## TASK BRIEF
Every line below that mentions the word "from" should be copied out.

[Collected data entries]
definition push_slope :: "('a \<Rightarrow>\<^sub>L 'b) \<Rightarrow> (('a \<times> 'b) \<Rightarrow>\<^sub>L ('a \<times> 'b)) \<Rightarrow> 'a \<Rightarrow> 'b" where
  "push_slope M N = push_vert M N \<circ> inv (push_hor M N)"

lemma norm_le_D1: "norm x \<le> c * norm (D1 x)"
  using norm_inv_D1_le[of "D1 x"] D1_bij by (simp add: bij_is_inj)

lemma D1_inv_D1: "D1 (inv D1 y) = y"
  using D1_bij by (simp add: bij_is_surj surj_f_inv_f)

lemma linear_inv_D1: "linear (inv D1)"
  using inj_linear_imp_inv_linear[OF D1_linear] D1_bij by (simp add: bij_is_inj)

lemma linear_push_hor: "linear (push_hor M N)"
proof -
  have "(x + y, blinfun_apply M (x + y)) = (x, blinfun_apply M x) + (y, blinfun_apply M y)"
    "(r *\<^sub>R x, blinfun_apply M (r *\<^sub>R x)) = r *\<^sub>R (x, blinfun_apply M x)" for x y r
    by (simp_all add: blinfun.add_right blinfun.scaleR_right)
  then show ?thesis unfolding linear_iff push_hor_def
    by (simp add: linear_add[OF D1_linear] linear_scale[OF D1_linear] blinfun.add_right
        blinfun.scaleR_right scaleR_add_right del: add_Pair scaleR_Pair)
qed

lemma linear_push_vert: "linear (push_vert M N)"
proof -
  have "(x + y, blinfun_apply M (x + y)) = (x, blinfun_apply M x) + (y, blinfun_apply M y)"
    "(r *\<^sub>R x, blinfun_apply M (r *\<^sub>R x)) = r *\<^sub>R (x, blinfun_apply M x)" for x y r
    by (simp_all add: blinfun.add_right blinfun.scaleR_right)
  then show ?thesis unfolding linear_iff push_vert_def
    by (simp add: linear_add[OF D2_linear] linear_scale[OF D2_linear] blinfun.add_right
        blinfun.scaleR_right scaleR_add_right del: add_Pair scaleR_Pair)
qed
(* Let $F_n$, $n=1,2,\dots$, and $F$ be metric preserving functions on $[0,+\infty)^2$. If $F$ is continuous and $F_n\to F$ pointwise, then $F_n\to F$ uniformly on every compact subset of $[0,+\infty)^2$.
   Context: A function $F\colon[0,+\infty)^2\to[0,+\infty)$ is metric preserving if for any metric spaces $(X,d_X),(Y,d_Y)$ the function $((x,y),(x',y'))\mapsto F(d_X(x,x'),d_Y(y,y'))$ is a metric on $X\times Y$. *)

theory Defs
  imports "HOL-Analysis.Analysis"
begin

definition metric_on :: "'a set \<Rightarrow> ('a \<Rightarrow> 'a \<Rightarrow> real) \<Rightarrow> bool" where
  "metric_on M d \<longleftrightarrow>
     (\<forall>x\<in>M. \<forall>y\<in>M. 0 \<le> d x y \<and> d x y = d y x \<and> (d x y = 0 \<longleftrightarrow> x = y)) \<and>
     (\<forall>x\<in>M. \<forall>y\<in>M. \<forall>z\<in>M. d x z \<le> d x y + d y z)"

text \<open>F (only its values on [0,inf)^2 matter) is metric preserving if for all metric
  spaces (X,dX), (Y,dY) the map ((x,y),(x',y')) to F (dX x x') (dY y y') is a metric on X x Y.
  Metric spaces are represented with carriers inside the fixed type real.\<close>
definition metric_preserving :: "(real \<Rightarrow> real \<Rightarrow> real) \<Rightarrow> bool" where
  "metric_preserving F \<longleftrightarrow>
     (\<forall>(X::real set) (Y::real set) dX dY. metric_on X dX \<and> metric_on Y dY \<longrightarrow>
        metric_on (X \<times> Y) (\<lambda>(x, y) (x', y'). F (dX x x') (dY y y')))"

end

theory Submission imports Defs begin

text \<open>Testing a metric preserving function on the line with the metrics \<open>\<bar>x - y\<bar>\<close> and
  \<open>min \<bar>x - y\<bar> \<delta>\<close> shows two things: \<open>F\<close> satisfies a triangle inequality on \<open>[0,\<infinity>)\<^sup>2\<close>, and
  \<open>F\<close> is bounded by \<open>2 F \<delta> \<delta>\<close> on \<open>[0,\<delta>]\<^sup>2\<close>. Hence every metric preserving \<open>G\<close> oscillates by
  at most \<open>2 G \<delta> \<delta>\<close> over a \<open>\<delta>\<close>-neighbourhood. Given \<open>\<epsilon>\<close>, continuity of \<open>F\<close> at the origin
  yields \<open>\<delta>\<close> with \<open>F \<delta> \<delta> < \<epsilon>\<close>; pointwise convergence at \<open>(\<delta>, \<delta>)\<close> and at the points of a
  finite \<open>\<delta>\<close>-net of the compact set then controls \<open>F\<^sub>n - F\<close> everywhere on it.\<close>

lemma metric_on_triangle:
  assumes "metric_on M d" "x \<in> M" "y \<in> M" "z \<in> M"
  shows "d x z \<le> d x y + d y z"
  using assms unfolding metric_on_def by blast

lemma metric_on_self:
  assumes "metric_on M d" "x \<in> M"
  shows "d x x = 0"
  using assms unfolding metric_on_def by blast

lemma metric_on_abs_diff: "metric_on UNIV (\<lambda>x y. \<bar>x - y\<bar> :: real)"
  unfolding metric_on_def by auto

lemma metric_on_min_abs_diff: "(\<delta>::real) > 0 \<Longrightarrow> metric_on UNIV (\<lambda>x y. min \<bar>x - y\<bar> \<delta>)"
  unfolding metric_on_def by auto

lemma metric_preserving_metric_on_Times:
  fixes X Y :: "real set"
  assumes "metric_preserving F" "metric_on X dX" "metric_on Y dY"
  shows "metric_on (X \<times> Y) (\<lambda>(x, y) (x', y'). F (dX x x') (dY y y'))"
  using assms unfolding metric_preserving_def by blast

lemma metric_preserving_zero:
  assumes "metric_preserving F"
  shows "F 0 0 = 0"
  using metric_on_self[OF metric_preserving_metric_on_Times[OF assms metric_on_abs_diff metric_on_abs_diff],
      of "(0, 0)"]
  by simp

lemma metric_preserving_triangle:
  assumes "metric_preserving F" "0 \<le> a" "0 \<le> b" "0 \<le> c" "0 \<le> d"
  shows "F a b \<le> F c d + F \<bar>c - a\<bar> \<bar>d - b\<bar>"
proof -
  have "metric_on (UNIV \<times> UNIV) (\<lambda>(x, y) (x', y'). F \<bar>x - x'\<bar> \<bar>y - y'\<bar>)"
    using metric_preserving_metric_on_Times[OF assms(1) metric_on_abs_diff metric_on_abs_diff] .
  from metric_on_triangle[OF this, of "(0, 0)" "(c, d)" "(a, b)"]
  show ?thesis using assms by simp
qed

lemma metric_preserving_le_diag:
  assumes "metric_preserving F" "0 \<le> h" "h \<le> \<delta>" "0 \<le> k" "k \<le> \<delta>"
  shows "F h k \<le> 2 * F \<delta> \<delta>"
proof (cases "\<delta> = 0")
  case True
  then show ?thesis using assms metric_preserving_zero[OF assms(1)] by simp
next
  case False
  then have "\<delta> > 0" using assms by simp
  have "metric_on (UNIV \<times> UNIV) (\<lambda>(x, y) (x', y'). F (min \<bar>x - x'\<bar> \<delta>) (min \<bar>y - y'\<bar> \<delta>))"
    using metric_preserving_metric_on_Times[OF assms(1)] metric_on_min_abs_diff[OF \<open>\<delta> > 0\<close>]
    by blast
  from metric_on_triangle[OF this, of "(0, 0)" "(2 * \<delta>, 2 * \<delta>)" "(h, k)"]
  have "F (min \<bar>0 - h\<bar> \<delta>) (min \<bar>0 - k\<bar> \<delta>) \<le> F (min \<bar>0 - 2 * \<delta>\<bar> \<delta>) (min \<bar>0 - 2 * \<delta>\<bar> \<delta>)
      + F (min \<bar>2 * \<delta> - h\<bar> \<delta>) (min \<bar>2 * \<delta> - k\<bar> \<delta>)"
    by simp
  moreover have "min \<bar>0 - h\<bar> \<delta> = h" "min \<bar>0 - k\<bar> \<delta> = k" "min \<bar>0 - 2 * \<delta>\<bar> \<delta> = \<delta>"
    "min \<bar>2 * \<delta> - h\<bar> \<delta> = \<delta>" "min \<bar>2 * \<delta> - k\<bar> \<delta> = \<delta>"
    using assms by auto
  ultimately show ?thesis by simp
qed

lemma metric_preserving_oscillation:
  assumes "metric_preserving G" "0 \<le> a" "0 \<le> b" "0 \<le> c" "0 \<le> d"
    and "\<bar>a - c\<bar> \<le> \<delta>" "\<bar>b - d\<bar> \<le> \<delta>"
  shows "\<bar>G a b - G c d\<bar> \<le> 2 * G \<delta> \<delta>"
proof -
  have "G a b \<le> G c d + G \<bar>c - a\<bar> \<bar>d - b\<bar>" "G c d \<le> G a b + G \<bar>a - c\<bar> \<bar>b - d\<bar>"
    using metric_preserving_triangle[OF assms(1)] assms(2-5) by auto
  moreover have "G \<bar>c - a\<bar> \<bar>d - b\<bar> \<le> 2 * G \<delta> \<delta>" "G \<bar>a - c\<bar> \<bar>b - d\<bar> \<le> 2 * G \<delta> \<delta>"
    using metric_preserving_le_diag[OF assms(1), of "\<bar>c - a\<bar>" \<delta> "\<bar>d - b\<bar>"]
      metric_preserving_le_diag[OF assms(1), of "\<bar>a - c\<bar>" \<delta> "\<bar>b - d\<bar>"] assms(6,7)
    by (auto simp only: abs_ge_zero abs_minus_commute[of c a] abs_minus_commute[of d b])
  ultimately show ?thesis by linarith
qed

lemma metric_preserving_diag_small:
  assumes "metric_preserving F" "continuous_on ({0..} \<times> {0..}) (\<lambda>p. F (fst p) (snd p))"
    and "\<epsilon> > 0"
  obtains \<delta> where "\<delta> > 0" "F \<delta> \<delta> < \<epsilon>"
proof -
  have "continuous_on {0..} (\<lambda>t::real. F t t)"
    by (rule continuous_on_compose2[OF assms(2), of _ "\<lambda>t. (t, t)", simplified])
      (auto intro: continuous_intros)
  then have "((\<lambda>t. F t t) \<longlongrightarrow> F 0 0) (at 0 within {0..})"
    by (simp add: continuous_on_def)
  then have "((\<lambda>t. F t t) \<longlongrightarrow> 0) (at_right 0)"
    using metric_preserving_zero[OF assms(1)] by (auto intro: tendsto_within_subset)
  then have "\<forall>\<^sub>F t in at_right 0. F t t < \<epsilon>"
    using assms(3) by (rule order_tendstoD)
  then obtain b :: real where "b > 0" "\<And>t. 0 < t \<Longrightarrow> t < b \<Longrightarrow> F t t < \<epsilon>"
    unfolding eventually_at_right_field by auto
  then show ?thesis using that[of "b / 2"] by simp
qed

lemma metric_preserving_approx_near:
  assumes "metric_preserving G" "metric_preserving F"
    and "0 \<le> a" "0 \<le> b" "0 \<le> c" "0 \<le> d" "\<bar>a - c\<bar> \<le> \<delta>" "\<bar>b - d\<bar> \<le> \<delta>"
    and "\<bar>G c d - F c d\<bar> < \<epsilon>" "G \<delta> \<delta> < \<epsilon>" "F \<delta> \<delta> < \<epsilon>"
  shows "\<bar>G a b - F a b\<bar> < 5 * \<epsilon>"
  using metric_preserving_oscillation[OF assms(1,3-8)] metric_preserving_oscillation[OF assms(2,3-8)]
    assms(9-11) by linarith

lemma metric_preserving_approx_on_net:
  assumes "metric_preserving G" "metric_preserving F" "K \<subseteq> {0..} \<times> {0..}"
    and "C \<subseteq> K" "K \<subseteq> (\<Union>c\<in>C. ball c \<delta>)"
    and "\<forall>c\<in>C. \<bar>G (fst c) (snd c) - F (fst c) (snd c)\<bar> < \<epsilon>" "G \<delta> \<delta> < \<epsilon>" "F \<delta> \<delta> < \<epsilon>"
    and "p \<in> K"
  shows "\<bar>G (fst p) (snd p) - F (fst p) (snd p)\<bar> < 5 * \<epsilon>"
proof -
  obtain c where c: "c \<in> C" "dist c p < \<delta>" using assms(5,9) by auto
  then have "\<bar>fst p - fst c\<bar> \<le> \<delta>" "\<bar>snd p - snd c\<bar> \<le> \<delta>"
    using dist_fst_le[of c p] dist_snd_le[of c p] by (auto simp: dist_real_def)
  moreover have "fst p \<ge> 0" "snd p \<ge> 0" "fst c \<ge> 0" "snd c \<ge> 0"
    using assms(3,4,9) c(1) by auto
  ultimately show ?thesis
    using metric_preserving_approx_near[OF assms(1,2)] assms(6-8) c(1) by blast
qed

theorem mainTheorem16:
  fixes Fs :: "nat \<Rightarrow> real \<Rightarrow> real \<Rightarrow> real" and F :: "real \<Rightarrow> real \<Rightarrow> real"
  assumes "\<And>n. n \<ge> 1 \<Longrightarrow> metric_preserving (Fs n)"
    and "metric_preserving F"
    and "continuous_on ({0..} \<times> {0..}) (\<lambda>p. F (fst p) (snd p))"
    and "\<And>a b. a \<ge> 0 \<Longrightarrow> b \<ge> 0 \<Longrightarrow> (\<lambda>n. Fs n a b) \<longlonglongrightarrow> F a b"
  shows "\<forall>K. compact K \<and> K \<subseteq> {0..} \<times> {0..} \<longrightarrow>
           uniform_limit K (\<lambda>n p. Fs n (fst p) (snd p)) (\<lambda>p. F (fst p) (snd p)) sequentially"
proof (intro allI impI)
  fix K :: "(real \<times> real) set"
  assume K: "compact K \<and> K \<subseteq> {0..} \<times> {0..}"
  show "uniform_limit K (\<lambda>n p. Fs n (fst p) (snd p)) (\<lambda>p. F (fst p) (snd p)) sequentially"
    unfolding uniform_limit_iff dist_real_def
  proof (intro allI impI)
    fix e :: real
    assume "e > 0"
    then obtain \<delta> where "\<delta> > 0" and F\<delta>: "F \<delta> \<delta> < e / 5"
      using metric_preserving_diag_small[OF assms(2,3), of "e / 5"] by auto
    obtain C where C: "finite C" "C \<subseteq> K" "K \<subseteq> (\<Union>c\<in>C. ball c \<delta>)"
      using compact_imp_seq_compact[of K] K seq_compact_imp_totally_bounded \<open>\<delta> > 0\<close> by metis
    have "\<forall>c\<in>C. \<forall>\<^sub>F n in sequentially. \<bar>Fs n (fst c) (snd c) - F (fst c) (snd c)\<bar> < e / 5"
      using C(2) K tendstoD[OF assms(4), of _ _ "e / 5"] \<open>e > 0\<close> by (force simp: dist_real_def)
    then have "\<forall>\<^sub>F n in sequentially. \<forall>c\<in>C. \<bar>Fs n (fst c) (snd c) - F (fst c) (snd c)\<bar> < e / 5"
      using C(1) by (rule eventually_ball_finite[rotated])
    moreover have "\<forall>\<^sub>F n in sequentially. Fs n \<delta> \<delta> < e / 5"
      using order_tendstoD(2)[OF assms(4) F\<delta>] \<open>\<delta> > 0\<close> by simp
    moreover have "\<forall>\<^sub>F n in sequentially. n \<ge> 1" by (rule eventually_ge_at_top)
    ultimately show "\<forall>\<^sub>F n in sequentially. \<forall>p\<in>K. \<bar>Fs n (fst p) (snd p) - F (fst p) (snd p)\<bar> < e"
    proof eventually_elim
      case (elim n)
      then show ?case
        using metric_preserving_approx_on_net[OF assms(1) assms(2) _ C(2,3)] K F\<delta> by fastforce
    qed
  qed
qed

end
(* Consider the instrumental-variables model described in the context, with $\pi_1\neq 0$, under Assumption B. Let $(\lambda_n)$ satisfy $\lambda_n=o(\sqrt n)$. Then the ridge IV estimator \[ \hat\beta_{\text{ridge}} = \frac{\sum_{i=1}^n (Y_i-\bar Y)(Z_i-\bar Z)}{\sum_{i=1}^n (D_i-\bar D)(Z_i-\bar Z) + \lambda_n} \] is asymptotically normal with \[ \sqrt n\left(\hat\beta_{\text{ridge}}-\beta_1\right) \xrightarrow{d} \mathcal N\!\left(0,\ \frac{\sigma_\epsilon^2}{\pi_1^2}\right). \]
   Context: Data model: for each sample size $n$, observations $(Y_i,D_i,Z_i)$, $i=1,\dots,n$, satisfy $Y_i=\beta_0+\beta_1 D_i+\epsilon_i$ and $D_i=\pi_0+\pi_1 Z_i+\eta_i$, where the error pairs $(\epsilon_i,\eta_i)$ are i.i.d. across $i$ with mean zero, $\mathrm{Var}(\epsilon_i)=\sigma_\epsilon^2<\infty$, $\mathrm{Var}(\eta_i)=\sigma_\eta^2<\infty$ and $\mathrm{Cov}(\epsilon_i,\eta_i)=\sigma_{\epsilon\eta}$ (the errors may be correlated). Bars denote sample means. The penalty $\lambda_n$ is a deterministic sequence of nonnegative reals. Assumption B (stochastic instruments): the $Z_i$ are i.i.d. random variables, independent of the errors, with $\mathrm{Var}(Z_i)=1$ and finite fourth moment $m_4=E[Z_i^4]$. *)

theory Defs
  imports "HOL-Probability.Probability"
begin
lemma compact_span_insert_Int_cball:
  fixes b :: "'a::real_normed_vector"
  assumes compact: "\<And>r. compact (span B \<inter> cball 0 r)" and "b \<notin> span B"
  shows "compact (span (insert b B) \<inter> cball 0 r)"
proof -
  define \<eta> where "\<eta> = infdist b (span B)"
  have "\<eta> > 0"
    unfolding \<eta>_def using assms closed_if_compact_Int_cball span_zero
    by (metis empty_iff infdist_pos_not_in_closed)
  define T where "T = r / \<eta>"
  define Z where "Z = span B \<inter> cball 0 (r + T * norm b)"
  define W where "W = {z + c | z c. z \<in> Z \<and> c \<in> (\<lambda>t. t *\<^sub>R b) ` {-T..T}}"
  have "compact W"
    unfolding W_def Z_def
    by (intro compact_sums compact compact_continuous_image continuous_intros compact_Icc)
  have "span B \<subseteq> span (insert b B)" by (rule span_mono) blast
  then have "W \<subseteq> span (insert b B)"
    unfolding W_def Z_def by (auto intro!: span_add span_scale intro: span_base)
  moreover have "span (insert b B) \<inter> cball 0 r \<subseteq> W"
  proof
    fix w assume w: "w \<in> span (insert b B) \<inter> cball 0 r"
    then obtain t where z: "w - t *\<^sub>R b \<in> span B" by (auto simp: span_breakdown_eq)
    have "\<bar>t\<bar> * \<eta> \<le> norm w"
      using norm_add_scaleR_ge_infdist[OF subspace_span z, of t b] by (simp add: \<eta>_def)
    then have t: "\<bar>t\<bar> \<le> T" using w \<open>\<eta> > 0\<close> by (simp add: T_def field_simps)
    have "norm (w - t *\<^sub>R b) \<le> norm w + \<bar>t\<bar> * norm b"
      using norm_triangle_ineq4[of w "t *\<^sub>R b"] by simp
    also have "\<dots> \<le> r + T * norm b" using w t by (intro add_mono mult_right_mono) auto
    finally have "w - t *\<^sub>R b \<in> Z" using z by (simp add: Z_def)
    then show "w \<in> W" using t unfolding W_def by force
  qed
  ultimately have "span (insert b B) \<inter> cball 0 r = W \<inter> cball 0 r" by blast
  then show ?thesis using \<open>compact W\<close> by (simp add: compact_Int_closed)
qed

(* Balls of finite-dimensional subspaces are compact in every normed space; the library proves
   closedness of spans only for euclidean_space. *)
lemma compact_span_Int_cball:
  fixes B :: "'a::real_normed_vector set"
  assumes "finite B"
  shows "compact (span B \<inter> cball 0 r)"
  using assms
proof (induction B arbitrary: r rule: finite_induct)
  case empty
  have "span ({}::'a set) \<inter> cball 0 r \<subseteq> {0}" by auto
  then show ?case using finite_subset finite_imp_compact by blast
next
  case (insert b B)
  then show ?case
    by (cases "b \<in> span B") (auto simp: span_redundant intro: compact_span_insert_Int_cball)
qed

lemma dense_finite_ball_cover:
  fixes D :: "'a::metric_space set"
  assumes "compact K" "closure D = UNIV" "\<delta> > 0"
  obtains F where "F \<subseteq> D" "finite F" "K \<subseteq> (\<Union>d\<in>F. ball d \<delta>)"
proof -
  have "K \<subseteq> (\<Union>d\<in>D. ball d \<delta>)"
    using assms(2,3) closure_approachableD[of _ D] by (fastforce simp: dist_commute)
  then show ?thesis using compactE_image[OF assms(1)] that by (metis open_ball)
qed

## FINISHED EXERCISE
  from metric_on_triangle[OF this, of "(0, 0)" "(c, d)" "(a, b)"]
  from metric_on_triangle[OF this, of "(0, 0)" "(2 * \<delta>, 2 * \<delta>)" "(h, k)"]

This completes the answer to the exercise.